What is expected: Which lines in the records below contain the word "assms"? Return each of them.

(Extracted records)
Start of Block
(* The $T$-coalgebra $(\mathcal{E}_0,\varepsilon)$ is locally finite: every $\phi\in\mathcal{E}_0$ is contained in a finite subcoalgebra of $(\mathcal{E}_0,\varepsilon)$.
   Context: Standing assumptions: $T:\mathbf{Set}\to\mathbf{Set}$ is a functor; $\mathcal{L}$ is a set of modalities with arities ($L/n$), each $L/n$ assigned an $n$-ary monotone singleton-preserving predicate lifting $[\![L]\!]$ for $T$ (a family $[\![L]\!]_X:(\mathcal{P}X)^n\to\mathcal{P}(TX)$, natural w.r.t. preimages under maps $f$ via $Tf$, monotone in each argument, with $|[\![L]\!]_X(\{x_1\},\dots,\{x_n\})|=1$ for all $x_i\in X$). Fix a set $V$ of variables. Expressions: $\phi::=z\mid\nu z.\,\phi\mid L(\phi_1,\dots,\phi_n)$. Closed: every variable occurrence bound by a $\nu$; guarded: every variable occurrence separated from its binding $\nu$ by at least one modality; $\mathcal{E}_0$ = closed guarded expressions. A $\nu$ occurrence is top-level if it is not in the scope of a modality. The coalgebra $\varepsilon:\mathcal{E}_0\to T\mathcal{E}_0$ is defined by $\varepsilon(L(\phi_1,\dots,\phi_n))=$ the unique element of $[\![L]\!]_{\mathcal{E}_0}(\{\phi_1\},\dots,\{\phi_n\})$, and $\varepsilon(\nu x.\phi)=\varepsilon(\phi[\nu x.\phi/x])$ (well-defined by induction on the number of top-level fixed point operators, which decreases by guardedness). A subcoalgebra of $(X,\xi)$ is a subset $Y\subseteq X$ with $\xi[Y]\subseteq T(\iota)[TY]$ for the inclusion $\iota:Y\to X$ (equivalently, a coalgebra structure on $Y$ making $\iota$ a coalgebra morphism). *)

theory Defs
  imports Main
begin

text \<open>Expressions phi ::= z | nu z. phi | L(phi_1,...,phi_n) over variables of type 'v
  and modality names of type 'l; the arity of L is given separately by a function ar.\<close>

datatype ('l, 'v) expr = Var 'v | Nu 'v "('l, 'v) expr" | Mod 'l "('l, 'v) expr list"

fun wf_expr :: "('l \<Rightarrow> nat) \<Rightarrow> ('l, 'v) expr \<Rightarrow> bool" where
  "wf_expr ar (Var x) = True"
| "wf_expr ar (Nu x e) = wf_expr ar e"
| "wf_expr ar (Mod L es) = (length es = ar L \<and> (\<forall>e\<in>set es. wf_expr ar e))"

fun fvars :: "('l, 'v) expr \<Rightarrow> 'v set" where
  "fvars (Var x) = {x}"
| "fvars (Nu x e) = fvars e - {x}"
| "fvars (Mod L es) = (\<Union>e\<in>set es. fvars e)"

definition closed_expr :: "('l, 'v) expr \<Rightarrow> bool" where
  "closed_expr e \<longleftrightarrow> fvars e = {}"

text \<open>guarded_aux U e: U is the set of variables whose binding nu is NOT separated
  from the current position by a modality.\<close>
fun guarded_aux :: "'v set \<Rightarrow> ('l, 'v) expr \<Rightarrow> bool" where
  "guarded_aux U (Var x) = (x \<notin> U)"
| "guarded_aux U (Nu x e) = guarded_aux (insert x U) e"
| "guarded_aux U (Mod L es) = (\<forall>e\<in>set es. guarded_aux {} e)"

definition guarded :: "('l, 'v) expr \<Rightarrow> bool" where
  "guarded e \<longleftrightarrow> guarded_aux {} e"

text \<open>Substitution of s for the free occurrences of x (only used with closed s,
  so no capture can occur).\<close>
fun subst :: "'v \<Rightarrow> ('l, 'v) expr \<Rightarrow> ('l, 'v) expr \<Rightarrow> ('l, 'v) expr" where
  "subst x s (Var y) = (if x = y then s else Var y)"
| "subst x s (Nu y e) = (if x = y then Nu y e else Nu y (subst x s e))"
| "subst x s (Mod L es) = Mod L (map (subst x s) es)"

definition E0 :: "('l \<Rightarrow> nat) \<Rightarrow> ('l, 'v) expr set" where
  "E0 ar = {e. wf_expr ar e \<and> closed_expr e \<and> guarded e}"

text \<open>A functor T on the category whose objects are the subsets of the type 'x and whose
  morphisms X -> Y are (extensional) functions f with f ` X \<subseteq> Y.
  Tobj X is the set T X (inside an ambient type 't), Tmap X Y f is T f : T X -> T Y.\<close>
definition set_functor :: "('x set \<Rightarrow> 't set) \<Rightarrow> ('x set \<Rightarrow> 'x set \<Rightarrow> ('x \<Rightarrow> 'x) \<Rightarrow> 't \<Rightarrow> 't) \<Rightarrow> bool" where
  "set_functor Tobj Tmap \<longleftrightarrow>
     (\<forall>X Y f. f ` X \<subseteq> Y \<longrightarrow> Tmap X Y f ` Tobj X \<subseteq> Tobj Y)
   \<and> (\<forall>X Y f g t. f ` X \<subseteq> Y \<longrightarrow> (\<forall>x\<in>X. f x = g x) \<longrightarrow> t \<in> Tobj X \<longrightarrow> Tmap X Y f t = Tmap X Y g t)
   \<and> (\<forall>X t. t \<in> Tobj X \<longrightarrow> Tmap X X id t = t)
   \<and> (\<forall>X Y Z f g t. f ` X \<subseteq> Y \<longrightarrow> g ` Y \<subseteq> Z \<longrightarrow> t \<in> Tobj X \<longrightarrow>
        Tmap X Z (g \<circ> f) t = Tmap Y Z g (Tmap X Y f t))"

text \<open>lift L X As is the predicate lifting [[L]]_X applied to the argument list As
  (only meaningful when length As = ar L and every element of As is a subset of X).\<close>
definition monotone_sp_pred_lifting ::
  "('l \<Rightarrow> nat) \<Rightarrow> ('x set \<Rightarrow> 't set) \<Rightarrow> ('x set \<Rightarrow> 'x set \<Rightarrow> ('x \<Rightarrow> 'x) \<Rightarrow> 't \<Rightarrow> 't)
     \<Rightarrow> ('l \<Rightarrow> 'x set \<Rightarrow> 'x set list \<Rightarrow> 't set) \<Rightarrow> 'l \<Rightarrow> bool" where
  "monotone_sp_pred_lifting ar Tobj Tmap lift L \<longleftrightarrow>
     (\<forall>X As. length As = ar L \<longrightarrow> (\<forall>A\<in>set As. A \<subseteq> X) \<longrightarrow> lift L X As \<subseteq> Tobj X)
   \<and> (\<forall>X Y f Bs. f ` X \<subseteq> Y \<longrightarrow> length Bs = ar L \<longrightarrow> (\<forall>B\<in>set Bs. B \<subseteq> Y) \<longrightarrow>
        lift L X (map (\<lambda>B. X \<inter> f -` B) Bs) = {t \<in> Tobj X. Tmap X Y f t \<in> lift L Y Bs})
   \<and> (\<forall>X As Bs. length As = ar L \<longrightarrow> length Bs = ar L \<longrightarrow> (\<forall>B\<in>set Bs. B \<subseteq> X) \<longrightarrow>
        (\<forall>i<ar L. As ! i \<subseteq> Bs ! i) \<longrightarrow> lift L X As \<subseteq> lift L X Bs)
   \<and> (\<forall>X xs. length xs = ar L \<longrightarrow> set xs \<subseteq> X \<longrightarrow>
        (\<exists>!t. t \<in> lift L X (map (\<lambda>x. {x}) xs)))"

text \<open>One unfolding step of a top-level fixed point, and the iterated unfolding until
  a modality is at the top (which happens for guarded closed expressions).\<close>
definition nu_unfold :: "('l, 'v) expr \<Rightarrow> ('l, 'v) expr" where
  "nu_unfold e = (case e of Nu x b \<Rightarrow> subst x e b | _ \<Rightarrow> e)"

definition is_mod :: "('l, 'v) expr \<Rightarrow> bool" where
  "is_mod e \<longleftrightarrow> (\<exists>L es. e = Mod L es)"

definition head_nf :: "('l, 'v) expr \<Rightarrow> ('l, 'v) expr" where
  "head_nf e = (nu_unfold ^^ (LEAST n. is_mod ((nu_unfold ^^ n) e))) e"

text \<open>eps(L(phi_1..phi_n)) = unique element of [[L]]_E0({phi_1},..,{phi_n});
  eps(nu x. phi) = eps(phi[nu x. phi / x]).\<close>
definition eps :: "('l \<Rightarrow> nat) \<Rightarrow> ('l \<Rightarrow> ('l, 'v) expr set \<Rightarrow> ('l, 'v) expr set list \<Rightarrow> 't set)
     \<Rightarrow> ('l, 'v) expr \<Rightarrow> 't" where
  "eps ar lift e = (case head_nf e of
      Mod L es \<Rightarrow> the_elem (lift L (E0 ar) (map (\<lambda>a. {a}) es))
    | _ \<Rightarrow> undefined)"

definition subcoalgebra :: "('x set \<Rightarrow> 't set) \<Rightarrow> ('x set \<Rightarrow> 'x set \<Rightarrow> ('x \<Rightarrow> 'x) \<Rightarrow> 't \<Rightarrow> 't)
     \<Rightarrow> 'x set \<Rightarrow> ('x \<Rightarrow> 't) \<Rightarrow> 'x set \<Rightarrow> bool" where
  "subcoalgebra Tobj Tmap X xi Y \<longleftrightarrow> Y \<subseteq> X \<and> xi ` Y \<subseteq> Tmap Y X id ` Tobj Y"

definition locally_finite :: "('x set \<Rightarrow> 't set) \<Rightarrow> ('x set \<Rightarrow> 'x set \<Rightarrow> ('x \<Rightarrow> 'x) \<Rightarrow> 't \<Rightarrow> 't)
     \<Rightarrow> 'x set \<Rightarrow> ('x \<Rightarrow> 't) \<Rightarrow> bool" where
  "locally_finite Tobj Tmap X xi \<longleftrightarrow>
     (\<forall>x\<in>X. \<exists>Y. finite Y \<and> x \<in> Y \<and> subcoalgebra Tobj Tmap X xi Y)"

end

theory Submission
  imports Defs
begin

text \<open>Every closed guarded expression has only finitely many "derivatives": the expressions
  reachable from it by unfolding a top-level fixed point or by passing to an argument of a
  top-level modality are closed instances of its subterms, obtained by substituting for each
  bound variable the closed instance of its binder. So the reachable part of \<open>\<phi>\<close> inside
  \<open>E0\<close> is finite. Any subset \<open>Y\<close> of \<open>E0\<close> closed under these steps is a subcoalgebra: \<open>eps\<close>
  of \<open>y \<in> Y\<close> is the unique element of \<open>[[L]]({\<phi>\<^sub>1},\<dots>,{\<phi>\<^sub>n})\<close> for the head normal form
  \<open>L(\<phi>\<^sub>1,\<dots>,\<phi>\<^sub>n)\<close> of \<open>y\<close>, whose arguments lie in \<open>Y\<close>, and by naturality of \<open>[[L]]\<close> along
  the inclusion \<open>Y \<subseteq> E0\<close> this element is the image of an element of \<open>T Y\<close>.\<close>

lemma sp_lifting_singletons_in_image:
  assumes lifting: "monotone_sp_pred_lifting ar Tobj Tmap lift L"
    and len: "length xs = ar L" and "set xs \<subseteq> Y" "Y \<subseteq> X"
  shows "the_elem (lift L X (map (\<lambda>x. {x}) xs)) \<in> Tmap Y X id ` Tobj Y"
proof -
  let ?S = "map (\<lambda>x. {x}) xs"
  note lifting = lifting[unfolded monotone_sp_pred_lifting_def]
  note natural = conjunct1[OF conjunct2[OF lifting], rule_format]
  note singletons = conjunct2[OF conjunct2[OF conjunct2[OF lifting]], rule_format]
  have "lift L Y (map (\<lambda>B. Y \<inter> id -` B) ?S) = {t \<in> Tobj Y. Tmap Y X id t \<in> lift L X ?S}"
    using natural[of id Y X ?S] len assms(3,4) by auto
  moreover have "map (\<lambda>B. Y \<inter> id -` B) ?S = ?S"
    using assms(3) by auto
  ultimately have restrict: "lift L Y ?S = {t \<in> Tobj Y. Tmap Y X id t \<in> lift L X ?S}"
    by (simp only:)
  obtain t where t: "t \<in> lift L Y ?S"
    using singletons[OF len assms(3)] by blast
  have "set xs \<subseteq> X"
    using assms(3,4) by (rule order_trans)
  then have "\<exists>!u. u \<in> lift L X ?S"
    by (rule singletons[OF len])
  then obtain u where u: "lift L X ?S = {u}"
    by (auto elim!: ex1E)
  show ?thesis
    using t u unfolding restrict by auto
qed

fun msubst :: "('v \<rightharpoonup> ('l, 'v) expr) \<Rightarrow> ('l, 'v) expr \<Rightarrow> ('l, 'v) expr" where
  "msubst \<rho> (Var x) = (case \<rho> x of Some t \<Rightarrow> t | None \<Rightarrow> Var x)"
| "msubst \<rho> (Nu x b) = Nu x (msubst (\<rho>(x := None)) b)"
| "msubst \<rho> (Mod L es) = Mod L (map (msubst \<rho>) es)"

definition closed_env :: "('v \<rightharpoonup> ('l, 'v) expr) \<Rightarrow> bool" where
  "closed_env \<rho> \<longleftrightarrow> (\<forall>t\<in>ran \<rho>. fvars t = {})"

lemma closed_env_upd [simp]:
  "closed_env (\<rho>(x := None))" "fvars t = {} \<Longrightarrow> closed_env (\<rho>(x \<mapsto> t))"
  if "closed_env \<rho>"
  using that by (auto simp: closed_env_def ran_def)

lemma msubst_empty [simp]: "msubst Map.empty e = e"
  by (induction e) (auto intro: map_idI)

lemma subst_no_fvar: "x \<notin> fvars t \<Longrightarrow> subst x s t = t"
  by (induction t) (auto intro: map_idI)

lemma fvars_subst: "fvars (subst x s t) \<subseteq> (fvars t - {x}) \<union> fvars s"
  by (induction t) auto

lemma fvars_msubst: "closed_env \<rho> \<Longrightarrow> fvars (msubst \<rho> e) = fvars e - dom \<rho>"
proof (induction \<rho> e rule: msubst.induct)
  case (1 \<rho> x)
  then show ?case
    by (auto split: option.splits simp: closed_env_def ran_def)
next
  case (2 \<rho> x b)
  then have "fvars (msubst (\<rho>(x := None)) b) = fvars b - (dom \<rho> - {x})"
    by (simp del: fun_upd_apply)
  then show ?case
    by (simp del: fun_upd_apply) blast
qed auto

lemma subst_msubst:
  assumes "closed_env \<rho>" "fvars N = {}"
  shows "subst x N (msubst (\<rho>(x := None)) b) = msubst (\<rho>(x \<mapsto> N)) b"
  using assms(1)
proof (induction b arbitrary: \<rho>)
  case (Var y)
  then show ?case
    using assms(2) by (auto split: option.splits simp: closed_env_def ran_def subst_no_fvar)
next
  case (Nu y c)
  show ?case
  proof (cases "y = x")
    case True
    have "(\<rho>(x := None))(x := None) = (\<rho>(x \<mapsto> N))(x := None)"
      by simp
    with True show ?thesis
      by (simp del: fun_upd_apply fun_upd_upd)
  next
    case False
    then have "(\<rho>(y := None))(x := None) = (\<rho>(x := None))(y := None)"
      and "(\<rho>(y := None))(x \<mapsto> N) = (\<rho>(x \<mapsto> N))(y := None)"
      by (auto simp: fun_eq_iff)
    with False Nu.IH[of "\<rho>(y := None)"] Nu.prems show ?thesis
      by (simp del: fun_upd_apply)
  qed
qed auto

section \<open>The Fischer--Ladner closure of an expression\<close>

fun successors :: "('l, 'v) expr \<Rightarrow> ('l, 'v) expr set" where
  "successors (Var x) = {}"
| "successors (Nu x b) = {subst x (Nu x b) b}"
| "successors (Mod L es) = set es"

text \<open>\<open>fl_closure \<rho> e\<close> collects the instances of the non-variable subterms of \<open>e\<close>, where on the
  way down each bound variable is mapped by \<open>\<rho>\<close> to the instance of its binder.\<close>
fun fl_closure :: "('v \<rightharpoonup> ('l, 'v) expr) \<Rightarrow> ('l, 'v) expr \<Rightarrow> ('l, 'v) expr set" where
  "fl_closure \<rho> (Var x) = {}"
| "fl_closure \<rho> (Nu x b) =
     insert (msubst \<rho> (Nu x b)) (fl_closure (\<rho>(x \<mapsto> msubst \<rho> (Nu x b))) b)"
| "fl_closure \<rho> (Mod L es) = insert (msubst \<rho> (Mod L es)) (\<Union>e\<in>set es. fl_closure \<rho> e)"

lemma finite_fl_closure: "finite (fl_closure \<rho> e)"
  by (induction \<rho> e rule: fl_closure.induct) (simp_all del: fun_upd_apply)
End of Block
Solution to this problem:
    using natural[of id Y X ?S] len assms(3,4) by auto
    using assms(3) by auto
    using singletons[OF len assms(3)] by blast
    using assms(3,4) by (rule order_trans)
  using assms(1)
    using assms(2) by (auto split: option.splits simp: closed_env_def ran_def subst_no_fvar)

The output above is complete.